The guy with the six-pack introduced himself as Axel, a reporter from Bohusläningen. He began with several banal questions about the film and her career before he got to what was clearly the purpose of the interview. Marie leaned back and crossed her long legs. The past had served her career well.
‘So how does it feel to be back here? Oh, I almost said “back at the scene of the crime”, but let’s call that a Freudian slip. Because you and Helen have always maintained your innocence.’
‘We were innocent,’ said Marie, noting with satisfaction that the young reporter couldn’t stop staring at her décolletage.
‘Even after you were found guilty of the crime?’ said Axel, making an effort to tear his gaze away from her chest.
‘We were children and completely incapable of committing such a crime, even though we were charged and convicted. Witch hunts still go on, even in this day and age.’
‘So what was it like for you, in the years that followed?’

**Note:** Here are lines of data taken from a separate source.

lemma gauss_sols_labelled_branches:
  assumes L: "2*L < m" "m \<le> 2*L + 2" and inj: "inj_on (labelled_root r) {1..2*L+1}"
    and roots: "{z. Pm m z = Pm m (-z)} = labelled_root r ` {1..2*L+1}"
  obtains zh D where
    "\<forall>\<^sub>F t in at 0. inj_on (\<lambda>j. zh j t) {1..m} \<and> gauss_sols m t = (\<lambda>j. zh j t) ` {1..m}"
    "\<And>j. j \<in> {1..2*L+1} \<Longrightarrow>
       (\<lambda>t. zh j t - (labelled_root r j + t / deriv (Rm m) (labelled_root r j))) \<in> O[at 0](\<lambda>t. t^2)"
    "\<forall>\<^sub>F t in at 0. Rm m (zh 1 t) = exp t"
    "even m \<Longrightarrow> D > 0 \<and> (\<lambda>t. zh m t - of_real D / t) \<in> O[at 0](\<lambda>_. 1)"
proof -
  have m: "m \<ge> 1" using L by simp
  obtain \<zeta> \<xi> where asymp: "\<And>a. a \<in> labelled_root r ` {1..2*L+1} \<Longrightarrow>
        (\<lambda>t. \<zeta> a t - (a + t / deriv (Rm m) a)) \<in> O[at 0](\<lambda>t. t^2)"
    and sol: "\<And>a. a \<in> labelled_root r ` {1..2*L+1} \<Longrightarrow> \<forall>\<^sub>F t in at 0. Rm m (\<zeta> a t) = exp t"
    and asymp_inf: "even m \<Longrightarrow> \<exists>D>0. (\<lambda>t. \<xi> t - of_real D / t) \<in> O[at 0](\<lambda>_. 1)"
    and branches: "\<forall>\<^sub>F t in at 0. inj_on (\<lambda>a. \<zeta> a t) (labelled_root r ` {1..2*L+1}) \<and>
       (even m \<longrightarrow> \<xi> t \<notin> (\<lambda>a. \<zeta> a t) ` labelled_root r ` {1..2*L+1}) \<and>
       gauss_sols m t = (\<lambda>a. \<zeta> a t) ` labelled_root r ` {1..2*L+1} \<union> (if even m then {\<xi> t} else {})"
    by (rule gauss_sols_eventually_branches[OF m, unfolded roots]) blast
  obtain D where D: "even m \<Longrightarrow> D > 0 \<and> (\<lambda>t. \<xi> t - of_real D / t) \<in> O[at 0](\<lambda>_. 1)"
    using asymp_inf by metis
  define zh where "zh j t = (if even m \<and> j = m then \<xi> t else \<zeta> (labelled_root r j) t)" for j t
  have "zh j = \<zeta> (labelled_root r j)" if "j \<in> {1..2*L+1}" for j
    using that L by (auto simp: zh_def fun_eq_iff)
  moreover have "\<forall>\<^sub>F t in at 0. inj_on (\<lambda>j. zh j t) {1..m} \<and> gauss_sols m t = (\<lambda>j. zh j t) ` {1..m}"
    unfolding zh_def by (rule eventually_mono[OF branches labelled_solutions[OF L inj]])
  moreover have "1 \<in> {1..2*L+1}" by simp
  ultimately show ?thesis
    using that[of zh D] asymp sol D by (simp add: zh_def)
qed
theorem lemma1:
  fixes \<alpha> k' :: real
  assumes "\<alpha> > 0" and "k' > 0"
  shows "\<exists>n0::nat. \<exists>a::real. a > 0 \<and>
    (\<forall>n m i :: nat. \<forall>c :: nat \<Rightarrow> real.
       n > n0 \<longrightarrow> real m = \<alpha> * real n \<longrightarrow>
       k' * real n < real i \<longrightarrow> i \<le> n \<longrightarrow>
       (\<forall>j\<in>{1..i}. 1 \<le> c j \<and> c j \<le> 2) \<longrightarrow>
       (\<forall>j\<in>{i<..n}. 0 \<le> c j \<and> c j \<le> 1) \<longrightarrow>
       measure (gaussian_vectors n m)
         {w \<in> space (gaussian_vectors n m).
            (\<Sum>r\<in>{1..m}. (\<Sum>j\<in>{1..n}. c j * w (j, r))\<^sup>2) < a * real n * ln (real n)}
       \<le> exp (- a * real n * ln (real n)))"
proof (intro exI conjI allI impI)
  define a where "a = \<alpha> * k' / (2 * (k' + 1))"
  show "a > 0" using assms by (simp add: a_def)
  fix n m i :: nat and c :: "nat \<Rightarrow> real"
  assume n: "n > 0" and m: "real m = \<alpha> * real n" and i: "k' * real n < real i" "i \<le> n"
    and c: "\<forall>j\<in>{1..i}. 1 \<le> c j \<and> c j \<le> 2" and "\<forall>j\<in>{i<..n}. 0 \<le> c j \<and> c j \<le> 1"
  \<comment> \<open>only \<open>c\<^sub>j \<ge> 1\<close> for \<open>j \<le> i\<close> is needed; the other coefficients enter through \<open>c\<^sub>j\<^sup>2 \<ge> 0\<close>\<close>
  define S where "S w = (\<Sum>r\<in>{1..m}. (\<Sum>j\<in>{1..n}. c j * w (j, r))\<^sup>2)" for w :: "nat \<times> nat \<Rightarrow> real"
  define s2 where "s2 = (\<Sum>j\<in>{1..n}. (c j)\<^sup>2)"
  define T where "T = a * real n * ln (real n)"
  interpret prob_space "gaussian_vectors n m"
    unfolding gaussian_vectors_def by (intro prob_space_PiM_std_gaussian) simp
  have s2: "k' * real n < s2"
    using real_le_sum_squares[OF i(2)] c i(1) by (fastforce simp: s2_def)
  then have "s2 > 0" using assms n by (smt (verit) mult_pos_pos of_nat_0_less_iff)
  have "S \<in> borel_measurable (gaussian_vectors n m)"
    unfolding S_def gaussian_vectors_def by (intro borel_measurable_sum_column_squares) simp
  then have "measure (gaussian_vectors n m) {w \<in> space (gaussian_vectors n m). S w < T}
      \<le> measure (gaussian_vectors n m) {w \<in> space (gaussian_vectors n m). S w \<le> T}"
    by (intro finite_measure_mono) auto
  also have "\<dots> \<le> exp (real n / s2 * T) * (1 / sqrt (1 + 2 * (real n / s2) * s2)) ^ card {1..m}"
    unfolding gaussian_vectors_def S_def s2_def using \<open>s2 > 0\<close> n
    by (intro measure_sum_column_squares_le) (auto simp: s2_def)
  also have "\<dots> \<le> exp (- a * real n * ln (real n))"
    using chernoff_exponent_le[of n m \<alpha> k' s2] \<open>s2 > 0\<close> n m assms s2 by (simp add: T_def a_def)
  finally show "measure (gaussian_vectors n m) {w \<in> space (gaussian_vectors n m).
      (\<Sum>r\<in>{1..m}. (\<Sum>j\<in>{1..n}. c j * w (j, r))\<^sup>2) < a * real n * ln (real n)}
    \<le> exp (- a * real n * ln (real n))" by (simp add: S_def T_def)
qed

end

Marie tossed her head. She would never be able to describe those years to him. He’d probably grown up with two perfect parents who helped him with everything, and he now lived with a significant other and their kids. She glanced at his left hand. A wife, not a significant other, she corrected herself.
‘It was … educational,’ she said. ‘I plan to write about it in detail in my memoirs some day. It’s not something I can describe in a few sentences.’